Evaluation info

The evaluation for TalentCLEF-2026 will be conducted on Codabench. Submissions will be ranked using Mean Average Precision (MAP) and nDCG (normalized Discounted Cumulative Gain).

For local testing, an evaluation script is available in our GitHub repository. You can access it here: Evaluation Script. You can find a tutorial on the process of generating submission files and evaluating them in the Tutorials section of the Additional resources page

TalentCLEF Task A - Codabench

Codabench

TalentCLEF Task B - Codabench

Codabench

Evaluation dates

Task A:

  • Codabench: Link
  • Start Date: 13st April 2026
  • End Date: 3rd May 2026

Task B:

  • Codabench: Link
  • Start Date: 13st April 2026
  • End Date: 3rd May 2026

Evaluation Criteria

The top-performing teams will be determined based on the following evaluation criteria:

  1. Task A:

    • Best Overall Multilingual Performance – The highest-performing system across English and Spanish, measured as the average Mean Average Precision (MAP) in en-en and es-es.
    • Best Cross-Lingual Performance – The best-performing system in cross-lingual scenarios, calculated as the MAP in en-es.
    • Best Bias-Controlled Model – The system that minimizes performance differences across different gender groups.

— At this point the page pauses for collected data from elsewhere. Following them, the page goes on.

(* Let $0<\alpha<\frac12$. There is a constant $M_{\alpha}$ such that for all $(\sigma,\tau)\in\mathcal{C}_{\alpha}(\mathbb{R})\oplus\mathcal{C}_{\alpha+\frac12}(\mathbb{R})$, $$|D\tau|_{\alpha}+|C\sigma|_{\alpha+\frac12}\leq M_{\alpha}\,m(q_l,q_r)\left[|\tau|_{\alpha+\frac12}+|\sigma|_{\alpha}\right].$$
   Context: For $\gamma\ge0$, $\mathcal{C}_{\gamma}(\mathbb{R})$ is the Banach space of continuous $f:\mathbb{R}\to\mathbb{C}$ with $|f|_{\gamma}=\sup_{x\in\mathbb{R}}(1+|x|)^{\gamma}|f(x)|<\infty$. Setting: fix $k_1>0$. For $\star\in\{l,r\}$ let $k_{2;\star}\ge k_1$, $d_\star>0$, $y_\star\in\mathbb{R}$, and $q_\star(t)=(k_{2;\star}^2-k_1^2)\chi_{[y_\star-d_\star,y_\star+d_\star]}(t)$ for $t\in\mathbb{R}$; assume $2d_\star\sqrt{k_{2;\star}^2-k_1^2}\neq n\pi$ for every positive integer $n$. For $x,y\in\mathbb{R}^2$ and $\delta>0$ let $w^\star_\delta(\cdot;y)$ be the unique $L^2(\mathbb{R}^2)$ solution of $(\Delta_x+k_1^2+q_\star(x_2)+i\delta)w^\star_\delta(x;y)=-\frac{i}{4}q_\star(x_2)H^{(1)}_0(\sqrt{k_1^2+i\delta}\,|x-y|)$ (principal square root), and let $w^\star(x;y)=\lim_{\delta\to0^+}w^\star_\delta(x;y)$ (limiting absorption), so that $\frac i4H^{(1)}_0(k_1|x-y|)+w^\star(x;y)$ is the outgoing fundamental solution of $\Delta+k_1^2+q_\star(x_2)$ on $\mathbb{R}^2$. Define kernels on $\mathbb{R}^2$ by $k_D(s,t)=w^r((0,s);(0,t))-w^l((0,s);(0,t))$ and $k_C(s,t)=\big[\partial_{x_1}\partial_{y_1}w^l-\partial_{x_1}\partial_{y_1}w^r\big]((0,s);(0,t))$ (derivatives in the first coordinates $x_1$ of $x$ and $y_1$ of $y$), and operators $D\tau(s)=\int_{\mathbb{R}}k_D(s,t)\tau(t)\,dt$, $C\sigma(s)=\int_{\mathbb{R}}k_C(s,t)\sigma(t)\,dt$. The quantity $m(q_l,q_r)\ge0$ is a continuous function of $\|q_l\|_{L^\infty},\|q_r\|_{L^\infty},\|q_l-q_r\|_{L^\infty}$ with $m(q,q)=0$, for which the kernels satisfy: $|k_D(s,t)|\le m(q_l,q_r)(1+|s|+|t|)^{-1/2}$; and, with $d>0$ chosen so that $\operatorname{supp}q_l\cup\operatorname{supp}q_r\subset(-d,d)$, $\epsilon>0$, $B_a=[-a,a]\times[-a,a]$ and $\varphi\in C^\infty_c(B_{d+2\epsilon})$ equal to $1$ on $B_{d+\epsilon}$, one has $|(1-\varphi(s,t))k_C(s,t)|\le m(q_l,q_r)(1+|s|+|t|)^{-3/2}$ while $\varphi k_C$ has at most a logarithmic singularity $|\varphi(s,t)k_C(s,t)|\le m(q_l,q_r)(1+|\log|s-t||)$. *)

theory Defs
  imports "HOL-Analysis.Analysis"
begin

definition Cw :: "real \<Rightarrow> (real \<Rightarrow> complex) set" where
  "Cw \<gamma> = {f. continuous_on UNIV f \<and>
        bdd_above (range (\<lambda>x. (1 + \<bar>x\<bar>) powr \<gamma> * cmod (f x)))}"

definition wnorm :: "real \<Rightarrow> (real \<Rightarrow> complex) \<Rightarrow> real" where
  "wnorm \<gamma> f = (SUP x. (1 + \<bar>x\<bar>) powr \<gamma> * cmod (f x))"

definition intop :: "(real \<Rightarrow> real \<Rightarrow> complex) \<Rightarrow> (real \<Rightarrow> complex) \<Rightarrow> real \<Rightarrow> complex" where
  "intop k f = (\<lambda>s. LINT t|lborel. k s t * f t)"

definition Bsq :: "real \<Rightarrow> (real \<times> real) set" where
  "Bsq a = {-a..a} \<times> {-a..a}"

end

theory Submission
  imports Defs
begin

(* Every estimate reduces to the elementary bound
     \<integral> (a + |t|)^-p |t|^-\<beta> dt \<le> C a^(1-p-\<beta>)      (\<beta> < 1 < p + \<beta>),
   obtained by splitting at |t| = a.  With a = 1 + |s|, the decay of k_D against
   |\<tau> t| \<le> |\<tau>|_(\<alpha>+1/2) |t|^-(\<alpha>+1/2) (p = 1/2) produces the weight (1 + |s|)^-\<alpha>, and
   the far part (1 - \<phi>) k_C against |\<sigma> t| \<le> |\<sigma>|_\<alpha> |t|^-\<alpha> (p = 3/2) produces
   (1 + |s|)^-(\<alpha>+1/2).  The near part \<phi> k_C lives in the box B_(d+2\<epsilon>), where its
   logarithmic singularity is integrable, so it contributes a bounded function of s
   supported in |s| \<le> d + 2\<epsilon>. *)

lemma nn_integral_powr_majorant_eq:
  fixes a p \<beta> :: real
  assumes a: "0 < a" and b: "\<beta> < 1" and pb: "1 < p + \<beta>"
  shows "(\<integral>\<^sup>+x. ennreal (a powr (-p) * x powr (-\<beta>)) * indicator {0..a} x
            + ennreal (x powr (-p-\<beta>)) * indicator {a..} x \<partial>lborel)
         = ennreal (a powr (1-p-\<beta>) * (1/(1-\<beta>) + 1/(p+\<beta>-1)))"
proof -
  have near: "((\<lambda>x. a powr (-p) * x powr (-\<beta>)) has_integral a powr (1-p-\<beta>) * (1/(1-\<beta>))) {0..a}"
  proof -
    have "((\<lambda>x. a powr (-p) * x powr (-\<beta>)) has_integral a powr (-p) * (a powr (-\<beta>+1) / (-\<beta>+1))) {0..a}"
      using has_integral_powr_from_0[of "-\<beta>" a] b a by (intro has_integral_mult_right) auto
    also have "a powr (-p) * (a powr (-\<beta>+1) / (-\<beta>+1)) = a powr (1-p-\<beta>) * (1/(1-\<beta>))"
      using a b by (simp add: powr_add[symmetric] field_simps)
    finally show ?thesis .
  qed
  have far: "((\<lambda>x. x powr (-p-\<beta>)) has_integral a powr (1-p-\<beta>) * (1/(p+\<beta>-1))) {a..}"
  proof -
    have "((\<lambda>x. x powr (-p-\<beta>)) has_integral -(a powr ((-p-\<beta>)+1)) / ((-p-\<beta>)+1)) {a..}"
      using has_integral_powr_to_inf[of "-p-\<beta>" a] pb a by auto
    also have "-(a powr ((-p-\<beta>)+1)) / ((-p-\<beta>)+1) = a powr (1-p-\<beta>) * (1/(p+\<beta>-1))"
      using a pb by (simp add: field_simps)
    finally show ?thesis .
  qed
  have "(\<integral>\<^sup>+x. ennreal (a powr (-p) * x powr (-\<beta>)) * indicator {0..a} x
            + ennreal (x powr (-p-\<beta>)) * indicator {a..} x \<partial>lborel)
     = (\<integral>\<^sup>+x. ennreal (a powr (-p) * x powr (-\<beta>)) * indicator {0..a} x \<partial>lborel)
       + (\<integral>\<^sup>+x. ennreal (x powr (-p-\<beta>)) * indicator {a..} x \<partial>lborel)"
    by (rule nn_integral_add) auto
  also have "\<dots> = ennreal (a powr (1-p-\<beta>) * (1/(1-\<beta>))) + ennreal (a powr (1-p-\<beta>) * (1/(p+\<beta>-1)))"
    using nn_integral_has_integral_lebesgue'[OF _ near] nn_integral_has_integral_lebesgue'[OF _ far]
    by simp
  also have "\<dots> = ennreal (a powr (1-p-\<beta>) * (1/(1-\<beta>)) + a powr (1-p-\<beta>) * (1/(p+\<beta>-1)))"
    using b pb by (intro ennreal_plus[symmetric]) auto
  finally show ?thesis by (simp add: distrib_left)
qed

lemma shifted_powr_le_majorant:
  fixes a p \<beta> x :: real
  assumes a: "0 < a" and p: "0 \<le> p" and x: "0 < x"
  shows "(a + x) powr (-p) * x powr (-\<beta>)
           \<le> a powr (-p) * x powr (-\<beta>) * indicator {0..a} x + x powr (-p-\<beta>) * indicator {a..} x"
proof (cases "x \<le> a")
  case True
  have "(a + x) powr (-p) * x powr (-\<beta>) \<le> a powr (-p) * x powr (-\<beta>)"
    using a x p by (intro mult_right_mono powr_mono2') auto
  moreover have "0 \<le> x powr (-p-\<beta>) * indicator {a..} x" by simp
  moreover have "a powr (-p) * x powr (-\<beta>) * indicator {0..a} x = a powr (-p) * x powr (-\<beta>)"
    using True x by simp
  ultimately show ?thesis by linarith
next
  case False
  have "(a + x) powr (-p) * x powr (-\<beta>) \<le> x powr (-p) * x powr (-\<beta>)"
    using a x p by (intro mult_right_mono powr_mono2') auto
  also have "\<dots> = x powr (-p-\<beta>)" using x by (simp add: powr_add[symmetric])
  finally show ?thesis using False x by (simp add: indicator_def)
qed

    During the CLEF workshop, certificates will be awarded to the first and second-best systems in each category.

  2. Task B: The highest-performing system based on Normalized Discounted Cumulative Gain (NDCG).

    • Graded Relevance – Skills are weighted differently: core skills (weight = 2) and contextual skills (weight = 1). This approach distinguishes the importance of different skill types udring the evaluation.
    • Binary Relevance – All relevant skills (both core and contextual) are treated equally with the same weight, without distinction.
    • The graded relevance NDCG will be used to determine the top-performing team.
    • Additional metrics may be reported in the overview paper.

    During the CLEF workshop, certificates will be awarded to the best-performing systems.